Input →
(* Let $k\in\hat I$ and let $\nu,\mu$ be partitions such that $\mu$ is obtained from $\nu$ by adding one box $(x,y)$ of color $i$, i.e. with $k+x-y\equiv i\pmod n$. Then $v^{(k)}(\mu)-v^{(k)}(\nu)=-\overline{\alpha}_i$, where $(\overline\alpha_i)_j=2\delta^{(n)}_{i,j}-\delta^{(n)}_{i,j+1}-\delta^{(n)}_{i,j-1}$ for $j\in\hat I$.
   Context: Fix $n\ge3$ and $\hat I=\{0,\dots,n-1\}$ (residues mod $n$). Let $\delta^{(n)}_{i,j}=1$ if $i\equiv j\pmod n$ and $0$ otherwise. For a partition $\gamma$ with conjugate $\gamma'_y=|\{x:\gamma_x\ge y\}|$: - $(x,y)\in\mathbb Z_{\ge1}^2$ is a convex corner if $\gamma'_{y+1}<\gamma'_y=x$; - $(x,y)$ is a concave corner if $\gamma'_y=x-1$ and either $y=1$ or $\gamma'_{y-1}>x-1$. For $k,i\in\hat I$, $CC_i^{(k)}(\gamma)$ (resp. $CV_i^{(k)}(\gamma)$) is the set of concave (resp. convex) corners with $k+x-y\equiv i$. Set $v^{(k)}(\gamma)_i=|CC_i^{(k)}(\gamma)|-|CV_i^{(k)}(\gamma)|$, so $v^{(k)}(\gamma)\in\mathbb Z^n$. Boxes of $\gamma$ are the pairs $(x,y)$ with $\gamma_x\ge y$. *)

theory Defs
  imports Main
begin

text \<open>A partition is represented as a function gamma :: nat => nat, where gamma x is the
  length of row x (x >= 1). Convention: gamma 0 = 0, rows weakly decreasing, finitely many
  nonzero rows.\<close>

definition is_partition :: "(nat \<Rightarrow> nat) \<Rightarrow> bool" where
  "is_partition g \<longleftrightarrow> g 0 = 0 \<and> (\<forall>x\<ge>1. g (Suc x) \<le> g x) \<and> finite {x. g x > 0}"

definition conj_part :: "(nat \<Rightarrow> nat) \<Rightarrow> nat \<Rightarrow> nat" where
  "conj_part g y = card {x. x \<ge> 1 \<and> g x \<ge> y}"

definition boxes :: "(nat \<Rightarrow> nat) \<Rightarrow> (nat \<times> nat) set" where
  "boxes g = {(x, y). x \<ge> 1 \<and> y \<ge> 1 \<and> g x \<ge> y}"

definition convex_corners :: "(nat \<Rightarrow> nat) \<Rightarrow> (nat \<times> nat) set" where
  "convex_corners g = {(x, y). x \<ge> 1 \<and> y \<ge> 1 \<and>
      conj_part g (y + 1) < conj_part g y \<and> conj_part g y = x}"

definition concave_corners :: "(nat \<Rightarrow> nat) \<Rightarrow> (nat \<times> nat) set" where
  "concave_corners g = {(x, y). x \<ge> 1 \<and> y \<ge> 1 \<and>
      conj_part g y = x - 1 \<and> (y = 1 \<or> conj_part g (y - 1) > x - 1)}"

definition colour :: "nat \<Rightarrow> int \<Rightarrow> nat \<times> nat \<Rightarrow> int" where
  "colour n k p = (k + int (fst p) - int (snd p)) mod int n"

definition CC :: "nat \<Rightarrow> int \<Rightarrow> int \<Rightarrow> (nat \<Rightarrow> nat) \<Rightarrow> (nat \<times> nat) set" where
  "CC n k i g = {p \<in> concave_corners g. colour n k p = i mod int n}"

definition CV :: "nat \<Rightarrow> int \<Rightarrow> int \<Rightarrow> (nat \<Rightarrow> nat) \<Rightarrow> (nat \<times> nat) set" where
  "CV n k i g = {p \<in> convex_corners g. colour n k p = i mod int n}"

definition vvec :: "nat \<Rightarrow> int \<Rightarrow> (nat \<Rightarrow> nat) \<Rightarrow> int \<Rightarrow> int" where
  "vvec n k g i = int (card (CC n k i g)) - int (card (CV n k i g))"

definition delta_n :: "nat \<Rightarrow> int \<Rightarrow> int \<Rightarrow> int" where
  "delta_n n i j = (if i mod int n = j mod int n then 1 else 0)"

definition alpha_bar :: "nat \<Rightarrow> int \<Rightarrow> int \<Rightarrow> int" where
  "alpha_bar n i j = 2 * delta_n n i j - delta_n n i (j + 1) - delta_n n i (j - 1)"

end

theory Submission imports Defs begin

text \<open>Convex and concave corners sit at the ends of the rows: row a of a partition g has a
  convex corner at (a, g a) exactly when it is longer than row a+1, and a concave corner at
  (a, g a + 1) exactly when it is shorter than row a-1 (or a = 1). Adding the box (x,y)
  lengthens row x from y-1 to y, so only the corners attached to rows x-1, x, x+1 change.
  Pairing the row-x concave corner with the row-(x-1) convex corner, and the row-(x+1)
  concave corner with the row-x convex corner, each pair loses one corner of colour i and
  gains one of colour i-1, resp. i+1, whatever the neighbouring rows look like.\<close>

lemma partition_antimono:
  assumes P: "is_partition g" and "1 \<le> a" and "a \<le> b"
  shows "g b \<le> g a"
  using \<open>a \<le> b\<close>
proof (induction b rule: dec_induct)
  case (step m)
  have "g (Suc m) \<le> g m" using P step(1) \<open>1 \<le> a\<close> unfolding is_partition_def by auto
  then show ?case using step(3) by simp
qed simp

lemma partition_eventually_zero:
  assumes "is_partition g" shows "\<exists>N. g (Suc N) = 0"
proof -
  have "finite {x. g x > 0}" using assms unfolding is_partition_def by blast
  then obtain N where "\<forall>x\<in>{x. g x > 0}. x < N" using finite_nat_set_iff_bounded by blast
  then show ?thesis by (intro exI[of _ N]) auto
qed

What to work on →
Transcribe the entries exactly.

Result →
(* Let $k\in\hat I$ and let $\nu,\mu$ be partitions such that $\mu$ is obtained from $\nu$ by adding one box $(x,y)$ of color $i$, i.e. with $k+x-y\equiv i\pmod n$. Then $v^{(k)}(\mu)-v^{(k)}(\nu)=-\overline{\alpha}_i$, where $(\overline\alpha_i)_j=2\delta^{(n)}_{i,j}-\delta^{(n)}_{i,j+1}-\delta^{(n)}_{i,j-1}$ for $j\in\hat I$.
   Context: Fix $n\ge3$ and $\hat I=\{0,\dots,n-1\}$ (residues mod $n$). Let $\delta^{(n)}_{i,j}=1$ if $i\equiv j\pmod n$ and $0$ otherwise. For a partition $\gamma$ with conjugate $\gamma'_y=|\{x:\gamma_x\ge y\}|$: - $(x,y)\in\mathbb Z_{\ge1}^2$ is a convex corner if $\gamma'_{y+1}<\gamma'_y=x$; - $(x,y)$ is a concave corner if $\gamma'_y=x-1$ and either $y=1$ or $\gamma'_{y-1}>x-1$. For $k,i\in\hat I$, $CC_i^{(k)}(\gamma)$ (resp. $CV_i^{(k)}(\gamma)$) is the set of concave (resp. convex) corners with $k+x-y\equiv i$. Set $v^{(k)}(\gamma)_i=|CC_i^{(k)}(\gamma)|-|CV_i^{(k)}(\gamma)|$, so $v^{(k)}(\gamma)\in\mathbb Z^n$. Boxes of $\gamma$ are the pairs $(x,y)$ with $\gamma_x\ge y$. *)

theory Defs
  imports Main
begin

text \<open>A partition is represented as a function gamma :: nat => nat, where gamma x is the
  length of row x (x >= 1). Convention: gamma 0 = 0, rows weakly decreasing, finitely many
  nonzero rows.\<close>

definition is_partition :: "(nat \<Rightarrow> nat) \<Rightarrow> bool" where
  "is_partition g \<longleftrightarrow> g 0 = 0 \<and> (\<forall>x\<ge>1. g (Suc x) \<le> g x) \<and> finite {x. g x > 0}"

definition conj_part :: "(nat \<Rightarrow> nat) \<Rightarrow> nat \<Rightarrow> nat" where
  "conj_part g y = card {x. x \<ge> 1 \<and> g x \<ge> y}"

definition boxes :: "(nat \<Rightarrow> nat) \<Rightarrow> (nat \<times> nat) set" where
  "boxes g = {(x, y). x \<ge> 1 \<and> y \<ge> 1 \<and> g x \<ge> y}"

definition convex_corners :: "(nat \<Rightarrow> nat) \<Rightarrow> (nat \<times> nat) set" where
  "convex_corners g = {(x, y). x \<ge> 1 \<and> y \<ge> 1 \<and>
      conj_part g (y + 1) < conj_part g y \<and> conj_part g y = x}"

definition concave_corners :: "(nat \<Rightarrow> nat) \<Rightarrow> (nat \<times> nat) set" where
  "concave_corners g = {(x, y). x \<ge> 1 \<and> y \<ge> 1 \<and>
      conj_part g y = x - 1 \<and> (y = 1 \<or> conj_part g (y - 1) > x - 1)}"

definition colour :: "nat \<Rightarrow> int \<Rightarrow> nat \<times> nat \<Rightarrow> int" where
  "colour n k p = (k + int (fst p) - int (snd p)) mod int n"

definition CC :: "nat \<Rightarrow> int \<Rightarrow> int \<Rightarrow> (nat \<Rightarrow> nat) \<Rightarrow> (nat \<times> nat) set" where
  "CC n k i g = {p \<in> concave_corners g. colour n k p = i mod int n}"

definition CV :: "nat \<Rightarrow> int \<Rightarrow> int \<Rightarrow> (nat \<Rightarrow> nat) \<Rightarrow> (nat \<times> nat) set" where
  "CV n k i g = {p \<in> convex_corners g. colour n k p = i mod int n}"

definition vvec :: "nat \<Rightarrow> int \<Rightarrow> (nat \<Rightarrow> nat) \<Rightarrow> int \<Rightarrow> int" where
  "vvec n k g i = int (card (CC n k i g)) - int (card (CV n k i g))"

definition delta_n :: "nat \<Rightarrow> int \<Rightarrow> int \<Rightarrow> int" where
  "delta_n n i j = (if i mod int n = j mod int n then 1 else 0)"

definition alpha_bar :: "nat \<Rightarrow> int \<Rightarrow> int \<Rightarrow> int" where
  "alpha_bar n i j = 2 * delta_n n i j - delta_n n i (j + 1) - delta_n n i (j - 1)"

end

theory Submission imports Defs begin

text \<open>Convex and concave corners sit at the ends of the rows: row a of a partition g has a
  convex corner at (a, g a) exactly when it is longer than row a+1, and a concave corner at
  (a, g a + 1) exactly when it is shorter than row a-1 (or a = 1). Adding the box (x,y)
  lengthens row x from y-1 to y, so only the corners attached to rows x-1, x, x+1 change.
  Pairing the row-x concave corner with the row-(x-1) convex corner, and the row-(x+1)
  concave corner with the row-x convex corner, each pair loses one corner of colour i and
  gains one of colour i-1, resp. i+1, whatever the neighbouring rows look like.\<close>

lemma partition_antimono:
  assumes P: "is_partition g" and "1 \<le> a" and "a \<le> b"
  shows "g b \<le> g a"
  using \<open>a \<le> b\<close>
proof (induction b rule: dec_induct)
  case (step m)
  have "g (Suc m) \<le> g m" using P step(1) \<open>1 \<le> a\<close> unfolding is_partition_def by auto
  then show ?case using step(3) by simp
qed simp

lemma partition_eventually_zero:
  assumes "is_partition g" shows "\<exists>N. g (Suc N) = 0"
proof -
  have "finite {x. g x > 0}" using assms unfolding is_partition_def by blast
  then obtain N where "\<forall>x\<in>{x. g x > 0}. x < N" using finite_nat_set_iff_bounded by blast
  then show ?thesis by (intro exI[of _ N]) auto
qed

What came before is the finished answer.